4. TAS social service projects: During my Tata career, on and after 2002, I introduced eight weeks of social service for every trainee under TAS, the Tata group’s leadership development programme. They probably hated the experience, but later, each one would recall how enriching it was.

5. Sustainability: Tata Business Excellence Model (TBEM) is one of the business pillars of every Tata company. Ethics is not just about honesty and integrity, it is also about respect for fellow beings and the environment. Sustainability was introduced into the TBEM assessment process in the mid-2000s. Over the last decade, the training of assessors and the test of sustainability have spread awareness and commitment deep and wide within Tata companies.

6. The tone at the top: Just as children are sensitive observers of elders’ behaviour, especially with respect to truth-telling and injustice, young managers are sensitive to judging their seniors’ behaviour more than their talk. I recall how in 1968, Prakash Tandon, legendary chairman of Hindustan Lever, drove home in his second-hand Fiat car after his last retirement function concluded. It left his driver, Bahadur, flabbergasted.
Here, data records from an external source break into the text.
(* Suppose that for every $\alpha>0$ we have $pn^\alpha\to\infty$ as $n\to\infty$, and that $q\ln n\to\infty$, where $q=1-p$. Then for every $d\in\mathbb{N}$ and every $\varepsilon>0$ there exists $n_0$ such that for all $n\ge n_0$, $$u_d(n,p)\ge(2-\varepsilon)\log_{\frac{1}{1-p}}(np).$$
   Context: $G(n,p)$ is the Erdős–Rényi random graph on $n$ labelled vertices (vertex set $V$), each edge present independently with probability $p=p(n)$; $\mathbb{P}_{n,p}$ is the corresponding probability and $q=1-p$. A diameter graph in $\mathbb{R}^d$ is a graph $(V,E)$ with $V\subset\mathbb{R}^d$ finite and $E=\{\{\mathbf{x},\mathbf{y}\}\subseteq V: |\mathbf{x}-\mathbf{y}|=\operatorname{diam}V\}$, where $\operatorname{diam}V=\max_{\mathbf{x},\mathbf{y}\in V}|\mathbf{x}-\mathbf{y}|$ (Euclidean norm); a graph is a diameter graph in $\mathbb{R}^d$ if it is isomorphic to one. $u_d(n,p)$ is the largest positive integer $k$ such that $\mathbb{P}_{n,p}\big(\exists W\subseteq V,\ |W|=k,\ G[W]$ is a diameter graph in $\mathbb{R}^d$ and $\chi(G[W])=d+1\big)>\frac12$, where $G[W]$ is the induced subgraph; if no such $k$ exists, $u_d(n,p)=0$. *)

theory Defs
  imports Complex_Main
begin

text \<open>Random graph G(n,p) on vertex set V = {0..<n}; a graph is given by its edge set,
  a set of 2-element subsets of V.\<close>

definition all_pairs :: "nat \<Rightarrow> nat set set" where
  "all_pairs n = {e. \<exists>i j. i < j \<and> j < n \<and> e = {i, j}}"

definition prob_gnp :: "nat \<Rightarrow> real \<Rightarrow> (nat set set \<Rightarrow> bool) \<Rightarrow> real" where
  "prob_gnp n p Q =
     (\<Sum>E \<in> {E. E \<subseteq> all_pairs n \<and> Q E}.
        p ^ card E * (1 - p) ^ (card (all_pairs n) - card E))"

text \<open>Points of R^d represented as functions nat \<Rightarrow> real vanishing from coordinate d on.\<close>
definition euclid :: "nat \<Rightarrow> (nat \<Rightarrow> real) set" where
  "euclid d = {x. \<forall>i\<ge>d. x i = 0}"

definition edist :: "nat \<Rightarrow> (nat \<Rightarrow> real) \<Rightarrow> (nat \<Rightarrow> real) \<Rightarrow> real" where
  "edist d x y = sqrt (\<Sum>i<d. (x i - y i)^2)"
In Tata, the lessons on ethics were noticed widely among young company managers when the Tata group blew the whistle on itself during the unfortunate Tata Finance “illegal transactions in stocks” episode dating back to 2001.

In short, my experience is that ethics, defined broader than just integrity, can be learnt even though it may be considered difficult to teach. It is done through the four principles listed earlier. These four principles work in family upbringing as well as in MBA teaching and corporate management training.

The techniques are limitless and allow ingenuity. The commitment to do something about imparting ethics training will be even more important in the future. You know why? Because competitive advantage, which used to be about physical assets, shifted to intellectual assets some 30 years ago. And in the coming 30 years, competitive advantage will shift from intellectual assets to ethical assets. The future will belong to strongly ethical companies and management institutes. Management trainers must engage with the subject.